Так размышлял ты, ощущая себя словно подвешенным в безвоздушном пространстве над бурным, никем не контролируемым и оттого, скорее всего, гибельным потоком событий (нет, над громокипящим смешением, над водоворотом кровавых времён и дичающих народов – ты был как бы вовне всего этого, тебя почти не существовало!)… Ты не мог двинуться ни вперёд, ни назад; и – что же тогда оставалось? Смириться с неизбежностью и вверить себя естественным законам природы, согласно которым всё в мире стремится от тепла к холоду, от единства к рассеянию, от порядка к хаосу? Смириться и постараться как можно дольше не просыпаться, замереть посреди мгновения, соединившего тебя с Мариам, поскольку именно оно является той зыбкой гранью, на которой прошлое преломляется, превращаясь в будущее – неуловимо быстро начинает и никак не может закончить превращение, ибо только в нём заключено всё истинное, зримое, осязаемое. А остального попросту нет в твоём настоящем времени; остальное, может быть, потерялось где-то в лабиринтах прошлого или проявит себя в разновероятных картинках будущего; однако его не существует ни в тебе, теперешне-всегдашнем, ни в ком-либо ином, ни в том мгновении, которое вдохнуло жизнь в твои чувства и помыслы на стыке времён и событий; ничего не существует за пределами этого пограничного мгновения, поскольку оно и есть сама жизнь…
Ты всё слабее контролировал ход своих мыслей, рассыпавшихся в пространстве непонятного и необязательного, образовывавших причудливые взаимосвязи и трансформировавшихся в один неразборчиво колышущийся тревожный ком – возможно, просто оттого, что тебе давно не было так хорошо, как сегодня, и ты боялся, и не хотел всё это потерять… Но не существует на свете ничего вечного и неизменного – и они выпали из твоей реальности: этот уют, это тепло, это воспоминание о нежности и ласке. Пусть на время, но ты потерял их. Просто потому что уснул.
А проснулся ты…
Собственно, проснулся ты от толчка, чуть не слетев со своего места.
Это водитель ЗИЛа неожиданно резко нажал на тормоз – то ли зазевался, то ли прикололся, мудило.
Приехали.
В караулке ты сдал свой АКС и направился в столовую.

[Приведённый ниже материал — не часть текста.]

lemma ex1_bij_comp_iff:
  assumes "bij f"
  shows "(\<exists>!x. P (f x)) \<longleftrightarrow> (\<exists>!y. P y)"
  using assms by (metis bij_pointE)

definition mat_l1_dist :: "real^'n^'m \<Rightarrow> real^'n^'m \<Rightarrow> real" where
  "mat_l1_dist X Y = (\<Sum>i\<in>UNIV. \<Sum>j\<in>UNIV. \<bar>X$i$j - Y$i$j\<bar>)"

lemma dist_le_mat_l1_dist: "dist X Y \<le> mat_l1_dist X Y"
proof -
  have "dist X Y \<le> (\<Sum>i\<in>UNIV. norm ((X - Y)$i))"
    unfolding dist_norm norm_vec_def by (rule L2_set_le_sum) simp
  also have "\<dots> \<le> (\<Sum>i\<in>UNIV. \<Sum>j\<in>UNIV. \<bar>(X - Y)$i$j\<bar>)"
    by (intro sum_mono norm_le_l1_cart)
  finally show ?thesis
    by (simp add: mat_l1_dist_def)
qed

lemma mat_l1_dist_le_dist:
  fixes X Y :: "real^'n^'m"
  shows "mat_l1_dist X Y \<le> real CARD('m) * real CARD('n) * dist X Y"
proof -
  have "\<bar>X$i$j - Y$i$j\<bar> \<le> dist X Y" for i j
    using component_le_norm_cart[where x = "(X - Y)$i" and i = j]
      Finite_Cartesian_Product.norm_nth_le[where x = "X - Y" and i = i]
    by (simp add: dist_norm)
  then have "mat_l1_dist X Y \<le> (\<Sum>i\<in>(UNIV::'m set). \<Sum>j\<in>(UNIV::'n set). dist X Y)"
    unfolding mat_l1_dist_def by (intro sum_mono)
  then show ?thesis
    by (simp add: mult.assoc)
qed

lemma mat_l1_dist_diff_left: "mat_l1_dist (F - X) (F - Y) = mat_l1_dist X Y"
  unfolding mat_l1_dist_def by (simp add: abs_minus_commute)

lemma banach_fix_mat_l1:
  fixes T :: "real^'n^'m \<Rightarrow> real^'n^'m"
  assumes "0 \<le> k" "k < 1" "\<And>X Y. mat_l1_dist (T X) (T Y) \<le> k * mat_l1_dist X Y"
  shows "\<exists>!X. T X = X"
  by (rule banach_fix_dominated[where d = mat_l1_dist, OF dist_le_mat_l1_dist mat_l1_dist_le_dist assms])

lemma ex1_bij_plus_mat_l1_contraction:
  fixes h N :: "'a \<Rightarrow> real^'n^'m"
  assumes "bij h" "0 \<le> k" "k < 1"
    and contr: "\<And>Y V. mat_l1_dist (N Y) (N V) \<le> k * mat_l1_dist (h Y) (h V)"
  shows "\<exists>!Y. h Y + N Y = F"
proof -
  define T where "T Z = F - N (inv h Z)" for Z
  have "mat_l1_dist (T Z) (T W) \<le> k * mat_l1_dist Z W" for Z W
    using contr[of "inv h Z" "inv h W"] \<open>bij h\<close>
    by (simp add: T_def mat_l1_dist_diff_left bij_is_surj surj_f_inv_f)
  then have "\<exists>!Z. T Z = Z"
    using banach_fix_mat_l1 \<open>0 \<le> k\<close> \<open>k < 1\<close> by blast
  moreover have "T (h Y) = h Y \<longleftrightarrow> h Y + N Y = F" for Y
    using \<open>bij h\<close> by (auto simp: T_def bij_is_inj algebra_simps)
  ultimately show ?thesis
    using ex1_bij_comp_iff[OF \<open>bij h\<close>, of "\<lambda>Z. T Z = Z"] by simp
qed
definition tinner :: "nat \<Rightarrow> (bool list \<Rightarrow> complex) \<times> (bool list \<Rightarrow> complex)
      \<Rightarrow> (bool list \<Rightarrow> complex) \<times> (bool list \<Rightarrow> complex) \<Rightarrow> complex" where
  "tinner k \<Phi> \<Psi> = hinner k (fst \<Phi>) (fst \<Psi>) + hinner k (snd \<Phi>) (snd \<Psi>)"

definition dsum :: "(('a \<Rightarrow> complex) \<Rightarrow> ('a \<Rightarrow> complex)) \<Rightarrow> (('a \<Rightarrow> complex) \<Rightarrow> ('a \<Rightarrow> complex))
      \<Rightarrow> ('a \<Rightarrow> complex) \<times> ('a \<Rightarrow> complex) \<Rightarrow> ('a \<Rightarrow> complex) \<times> ('a \<Rightarrow> complex)" where
  "dsum A B \<Phi> = (A (fst \<Phi>), B (snd \<Phi>))"

definition Utilde :: "nat \<Rightarrow> (bool \<Rightarrow> bool \<Rightarrow> complex) \<Rightarrow> real
      \<Rightarrow> (bool list \<Rightarrow> complex) \<times> (bool list \<Rightarrow> complex) \<Rightarrow> (bool list \<Rightarrow> complex) \<times> (bool list \<Rightarrow> complex)" where
  "Utilde k U \<theta> \<Phi> =
     ((\<lambda>z. sigma k (Ubar k U (Pprime k U True (snd \<Phi>))) z + Ubar k U (Pcyl [False] (fst \<Phi>)) z),
      (\<lambda>z. exp (\<i> * of_real \<theta>) * Ubar k U (Pcyl [True] (fst \<Phi>)) z))"

text \<open>\<open>V^* A V = B\<close> as operators on the tower space, expressed through the
  defining property of the adjoint: \<open>\<langle>\<Psi>, V^* A V \<Phi>\<rangle> = \<langle>V \<Psi>, A V \<Phi>\<rangle>\<close>.\<close>
definition conj_eq_on_tower ::
  "nat \<Rightarrow> (bool \<Rightarrow> bool \<Rightarrow> complex) \<Rightarrow> (_ \<Rightarrow> _) \<Rightarrow> (_ \<Rightarrow> _) \<Rightarrow> (_ \<Rightarrow> _) \<Rightarrow> bool" where
  "conj_eq_on_tower k U V A B \<longleftrightarrow>
     (\<forall>\<Psi>\<in>tower k U. \<forall>\<Phi>\<in>tower k U. tinner k (V \<Psi>) (A (V \<Phi>)) = tinner k \<Psi> (B \<Phi>))"

end

theory Submission imports Defs begin

text \<open>Both identities are checked matrix element by matrix element. Three facts do the work.
  First, \<open>Ubar\<^sup>* (Pcyl x) Ubar = PTinv 1 x\<close>, because \<open>Ubar\<close> moves the first tensor factor
  to the end. Second, \<open>sigma\<close> only touches the last two factors, so it commutes with
  \<open>Pcyl x\<close> when \<open>|x| + 2 \<le> k\<close>. Third, the last tensor factor of vectors in the range of
  \<open>sigma Ubar P'\<^sub>1\<close> lies on the line of \<open>U|1\<rangle>\<close>, that of \<open>Ubar (Pcyl [0])\<close> on the orthogonal line
  of \<open>U|0\<rangle>\<close>, and \<open>Pcyl x\<close> does not touch the last factor; hence the cross terms vanish.\<close>

lemma finite_words [simp]: "finite (words n)"
  using finite_lists_length_eq[of "UNIV :: bool set" n] by (simp add: words_def)

lemma sum_UNIV_bool: "(\<Sum>b\<in>UNIV. f b) = f False + f True"
  by (simp add: UNIV_bool)

lemma words_Suc_Cons: "words (Suc n) = (\<lambda>(b, w). b # w) ` (UNIV \<times> words n)"
  by (auto simp: words_def image_iff length_Suc_conv)

lemma words_Suc_snoc: "words (Suc n) = (\<lambda>(w, b). w @ [b]) ` (words n \<times> UNIV)"
proof -
  have "y = butlast y @ [last y]" if "length y = Suc n" for y :: "bool list"
    using that by (metis append_butlast_last_id list.size(3) nat.distinct(1))
  then show ?thesis by (force simp: words_def image_iff)
qed

lemma sum_words_Suc_Cons: "(\<Sum>y\<in>words (Suc n). f y) = (\<Sum>b\<in>UNIV. \<Sum>w\<in>words n. f (b # w))"
  by (simp add: words_Suc_Cons sum.reindex inj_on_def sum.cartesian_product split_def)

lemma sum_words_Suc_snoc: "(\<Sum>y\<in>words (Suc n). f y) = (\<Sum>w\<in>words n. \<Sum>b\<in>UNIV. f (w @ [b]))"
  by (simp add: words_Suc_snoc sum.reindex inj_on_def sum.cartesian_product split_def)

lemma unitary2_columns_orthonormal:
  "unitary2 U \<Longrightarrow> cnj (U False i) * U False j + cnj (U True i) * U True j = (if i = j then 1 else 0)"
  unfolding unitary2_def by (metis sum_UNIV_bool)

lemma cnj_mult_self_eq_1: "cmod c = 1 \<Longrightarrow> cnj c * c = 1"
  by (metis complex_norm_square mult.commute of_real_1 power_one)
(* For every strongly regular graph $G=\mathrm{srg}(n,k,\lambda,\mu)$ with $\mu\ge1$, we have $\mathrm{QEC}(G)\ge0$, except when $G$ is the cycle $C_5=\mathrm{srg}(5,2,0,1)$, for which \[ \mathrm{QEC}(C_5)=-\frac{3-\sqrt5}{2}<0. \]
   Context: A graph $G=(V,E)$ is finite and simple. It is strongly regular with parameters $\mathrm{srg}(n,k,\lambda,\mu)$ if $|V|=n$, every vertex has exactly $k$ neighbours, every two adjacent vertices have exactly $\lambda$ common neighbours, and every two distinct non-adjacent vertices have exactly $\mu$ common neighbours. The hypothesis $\mu\ge1$ means in particular that there exist distinct non-adjacent vertices (so $G$ is not complete) and that $G$ is connected. For a connected graph $G=(V,E)$ with $|V|\ge2$, let $D=[d(x,y)]_{x,y\in V}$ be its distance matrix ($d$ the graph distance), and define the quadratic embedding constant \[ \mathrm{QEC}(G)=\max\{\langle f,Df\rangle : f\in\mathbb{R}^V,\ \langle f,f\rangle=1,\ \langle \mathbf{1},f\rangle=0\}, \] where $\mathbf 1$ is the all-ones vector and $\langle\cdot,\cdot\rangle$ the standard inner product. *)

theory Defs
  imports Complex_Main
begin

definition simple_graph :: "'a set \<Rightarrow> ('a \<Rightarrow> 'a \<Rightarrow> bool) \<Rightarrow> bool" where
  "simple_graph V E \<longleftrightarrow> finite V \<and> (\<forall>x y. E x y \<longrightarrow> x \<in> V \<and> y \<in> V)
     \<and> (\<forall>x y. E x y \<longrightarrow> E y x) \<and> (\<forall>x. \<not> E x x)"

definition srg :: "'a set \<Rightarrow> ('a \<Rightarrow> 'a \<Rightarrow> bool) \<Rightarrow> nat \<Rightarrow> nat \<Rightarrow> nat \<Rightarrow> nat \<Rightarrow> bool" where
  "srg V E n k l m \<longleftrightarrow> simple_graph V E \<and> card V = n
     \<and> (\<forall>x\<in>V. card {y\<in>V. E x y} = k)
     \<and> (\<forall>x\<in>V. \<forall>y\<in>V. E x y \<longrightarrow> card {z\<in>V. E x z \<and> E z y} = l)
     \<and> (\<forall>x\<in>V. \<forall>y\<in>V. x \<noteq> y \<and> \<not> E x y \<longrightarrow> card {z\<in>V. E x z \<and> E z y} = m)"

definition walk :: "'a set \<Rightarrow> ('a \<Rightarrow> 'a \<Rightarrow> bool) \<Rightarrow> nat \<Rightarrow> 'a \<Rightarrow> 'a \<Rightarrow> bool" where
  "walk V E n x y \<longleftrightarrow> (\<exists>p. length p = Suc n \<and> p ! 0 = x \<and> p ! n = y \<and> set p \<subseteq> V
       \<and> (\<forall>i<n. E (p ! i) (p ! Suc i)))"
lemma word_length_le_walk:
  "\<exists>K. \<forall>X\<in>G. \<forall>Y\<in>G. \<forall>n. walkR n (sch_act X h) (sch_act Y h) \<longrightarrow>
      (\<exists>ss. set ss \<subseteq> S \<and> length ss \<le> K * n \<and> Y = foldl (sch_mult H) X ss)"
proof -
  have "\<forall>z\<in>Zs. \<exists>ss. set ss \<subseteq> S \<and> z = foldl (sch_mult H) (sch_one H) ss"
    using S_generates Zs_subset unfolding sch_generates_def by blast
  then obtain w where w: "\<forall>z\<in>Zs. set (w z) \<subseteq> S \<and> z = foldl (sch_mult H) (sch_one H) (w z)"
    by (metis bchoice)
  define K where "K = Max (length ` w ` Zs)"
  have K: "\<forall>z\<in>Zs. length (w z) \<le> K" unfolding K_def using finite_Zs by simp
  have "\<exists>ss. set ss \<subseteq> S \<and> length ss \<le> K * n \<and> Y = foldl (sch_mult H) X ss"
    if X: "X \<in> G" and Y: "Y \<in> G" and walk: "walkR n (sch_act X h) (sch_act Y h)" for X Y n
  proof -
    obtain zs where zs: "set zs \<subseteq> Zs" "length zs = n" "Y = foldl (sch_mult H) X zs"
      using walk_gives_word[OF X Y walk] by blast
    have "\<forall>z\<in>set zs. set (w z) \<subseteq> G \<and> z = foldl (sch_mult H) (sch_one H) (w z)"
      using w zs(1) S_subset by blast
    hence "Y = foldl (sch_mult H) X (concat (map w zs))"
      using foldl_concat_words[OF X] zs(3) by simp
    moreover have "length (concat (map w zs)) \<le> K * n"
      using length_concat_map_le[of zs w K] K zs(1,2) by auto
    moreover have "set (concat (map w zs)) \<subseteq> S" using w zs(1) by auto
    ultimately show ?thesis by blast
  qed
  thus ?thesis by blast
qed

lemma walk_length_le_word:
  "\<exists>C. \<forall>X\<in>G. \<forall>ss. set ss \<subseteq> S \<longrightarrow>
      (\<exists>m\<le>C * length ss. walkR m (sch_act X h) (sch_act (foldl (sch_mult H) X ss) h))"
proof -
  have "\<forall>s\<in>S. \<exists>ws. set ws \<subseteq> A \<and> sch_act s h = h * prod_list ws"
  proof
    fix s assume "s \<in> S"
    hence "sch_act s h \<in> R"
      using sch_act_Rclass S_subset h_in_Rclass by blast
    then obtain m where "sch_act s h = h * m" by (auto simp: mem_Rclass_iff)
    thus "\<exists>ws. set ws \<subseteq> A \<and> sch_act s h = h * prod_list ws" using generated by metis
  qed
  then obtain v where v: "\<forall>s\<in>S. set (v s) \<subseteq> A \<and> sch_act s h = h * prod_list (v s)"
    by (metis bchoice)
  define C where "C = Max (length ` v ` S)"
  have C: "\<forall>s\<in>S. length (v s) \<le> C" unfolding C_def using finite_S by simp
  have "\<exists>m\<le>C * length ss. walkR m (sch_act X h) (sch_act (foldl (sch_mult H) X ss) h)"
    if "X \<in> G" "set ss \<subseteq> S" for X ss
    using that
  proof (induction ss arbitrary: X)
    case Nil thus ?case by (intro exI[of _ 0]) simp
  next
    case (Cons s ss)
    have s: "s \<in> G" using Cons.prems S_subset by auto
    have Xs: "sch_mult H X s \<in> G" using sch_mult_closed[OF Cons.prems(1) s] .
    have first: "walkR (length (v s)) (sch_act X h) (sch_act (sch_mult H X s) h)"
      using walk_sch_mult[OF Cons.prems(1) s] v Cons.prems(2) by simp
    obtain m where m: "m \<le> C * length ss"
        "walkR m (sch_act (sch_mult H X s) h) (sch_act (foldl (sch_mult H) (sch_mult H X s) ss) h)"
      using Cons.IH[OF Xs] Cons.prems(2) by auto
    have "length (v s) \<le> C" using C Cons.prems(2) by simp
    hence "length (v s) + m \<le> C * length (s # ss)" using m(1) by simp
    thus ?case using walk_append[OF first m(2)] by auto
  qed
  thus ?thesis by blast
qed

lemma dist_comparison:
  "\<exists>K C. \<forall>X\<in>G. \<forall>Y\<in>G. \<exists>N n. word_dist H S X Y = ereal (real N) \<and>
      vdistR (sch_act X h) (sch_act Y h) = ereal (real n) \<and> N \<le> K * n \<and> n \<le> C * N"
proof -
  obtain K where K: "\<forall>X\<in>G. \<forall>Y\<in>G. \<forall>n. walkR n (sch_act X h) (sch_act Y h) \<longrightarrow>
      (\<exists>ss. set ss \<subseteq> S \<and> length ss \<le> K * n \<and> Y = foldl (sch_mult H) X ss)"
    using word_length_le_walk by blast
  obtain C where C: "\<forall>X\<in>G. \<forall>ss. set ss \<subseteq> S \<longrightarrow>
      (\<exists>m\<le>C * length ss. walkR m (sch_act X h) (sch_act (foldl (sch_mult H) X ss) h))"
    using walk_length_le_word by blast
  have "\<exists>N n. word_dist H S X Y = ereal (real N) \<and>
      vdistR (sch_act X h) (sch_act Y h) = ereal (real n) \<and> N \<le> K * n \<and> n \<le> C * N"
    if X: "X \<in> G" and Y: "Y \<in> G" for X Y
  proof -
    let ?walk = "\<lambda>n. walkR n (sch_act X h) (sch_act Y h)"
    let ?word = "\<lambda>ss. set ss \<subseteq> S \<and> Y = foldl (sch_mult H) X ss"
    obtain k where "?walk k"
      using walk_exists sch_act_Rclass X Y h_in_Rclass by blast
    then obtain n where n: "?walk n" "vdistR (sch_act X h) (sch_act Y h) = ereal (real n)"
        "\<And>m. ?walk m \<Longrightarrow> n \<le> m"
      using Inf_ereal_of_nat_attained[of ?walk k "\<lambda>n. n"] unfolding vdist_def by auto
    obtain ss where ss: "?word ss" "length ss \<le> K * n" using K X Y n(1) by blast
    then obtain N where N: "?word N" "word_dist H S X Y = ereal (real (length N))"
        "\<And>t. ?word t \<Longrightarrow> length N \<le> length t"
      using Inf_ereal_of_nat_attained[of ?word ss length] unfolding word_dist_def by blast
    obtain m where "m \<le> C * length N" "?walk m" using C X N(1) by metis
    hence "n \<le> C * length N" using n(3) by fastforce
    moreover have "length N \<le> K * n" using N(3) ss by fastforce
    ultimately show ?thesis using n(2) N(2) by blast
  qed
  thus ?thesis by blast
qed

lemma orbit_map_quasi_isometric:
  "\<exists>lam\<ge>1. \<forall>X\<in>G. \<forall>Y\<in>G.
     ereal (1 / lam) * word_dist H S X Y - ereal 1 \<le> vdistR (sch_act X h) (sch_act Y h) \<and>
     vdistR (sch_act X h) (sch_act Y h) \<le> ereal lam * word_dist H S X Y + ereal 1"
proof -
  obtain K C where KC: "\<forall>X\<in>G. \<forall>Y\<in>G. \<exists>N n. word_dist H S X Y = ereal (real N) \<and>
      vdistR (sch_act X h) (sch_act Y h) = ereal (real n) \<and> N \<le> K * n \<and> n \<le> C * N"
    using dist_comparison by blast
  define lam where "lam = real (max 1 (max C K))"
  have lam: "1 \<le> lam" "real K \<le> lam" "real C \<le> lam" by (auto simp: lam_def)
  have "ereal (1 / lam) * word_dist H S X Y - ereal 1 \<le> vdistR (sch_act X h) (sch_act Y h) \<and>
     vdistR (sch_act X h) (sch_act Y h) \<le> ereal lam * word_dist H S X Y + ereal 1"
    if XY: "X \<in> G" "Y \<in> G" for X Y
  proof -
    obtain N n where d: "word_dist H S X Y = ereal (real N)"
        "vdistR (sch_act X h) (sch_act Y h) = ereal (real n)" "N \<le> K * n" "n \<le> C * N"
      using KC XY by blast
    have "real N \<le> real K * real n" using d(3) by (metis of_nat_le_iff of_nat_mult)
    also have "\<dots> \<le> lam * real n" using lam by (intro mult_right_mono) auto
    finally have "real N / lam \<le> real n" using lam by (simp add: divide_le_eq mult.commute)
    moreover have "real n \<le> lam * real N"
    proof -
      have "real n \<le> real C * real N" using d(4) by (metis of_nat_le_iff of_nat_mult)
      also have "\<dots> \<le> lam * real N" using lam by (intro mult_right_mono) auto
      finally show ?thesis .
    qed
    ultimately show ?thesis using d(1,2) by simp
  qed
  thus ?thesis using lam(1) by blast
qed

Отдыхающая смена давно поужинала, посему тем, кто сменялся с постов, следовало поторопиться, чтобы не остаться голодными. Но тебя остановил «дед» Осипов: начкар заставил того убирать в коридоре, и теперь он вылавливал «молодых», чтобы припахать. Твой однопризывник Мусаев уже мёл полы. В проходе между одёжными шкафами, на днях сколоченными бойцами из поточенных жучком горбылей, стояло ведро с водой, а рядом лежала тряпка из рваной мешковины.
– Я ещё не ужинал, – сказал ты.
Осипов, за свою оттопыренную нижнюю губу получивший кличку Сандаль, насмешливо ощерился:
– Значит, ты пойдёшь себе брюхо набивать, а «дедушка» останется здесь? Дедушка будет работать? Смеёшься, да?
Ты пожал плечами.
Урод губастый. И откуда только берутся такие.
– Давай-давай, – хлопнул тебя по плечу Осипов. – Дело-то плёвое. Быстро управишься и пойдёшь ужинать.
Спорить было бесполезно. Не станет Сандаль работать, даже если ему из-за этого придётся оставить голодной всю роту.
Вода в ведре была рыжей от ржавчины. Макнув в неё, а затем слегка выжав тряпку, ты принялся мыть пол…
Порой мимо проходил кто-нибудь из «дедов», невозмутимо оставляя после себя следы грязных сапог. Приходилось возвращаться и снова вытирать за ними.
Через несколько минут в коридор выглянул начкар – лейтенант Антонов.
– Молодых заставляешь? – грозно спросил он Осипова, поправляя на руке красную повязку с надписью «Начальник караула».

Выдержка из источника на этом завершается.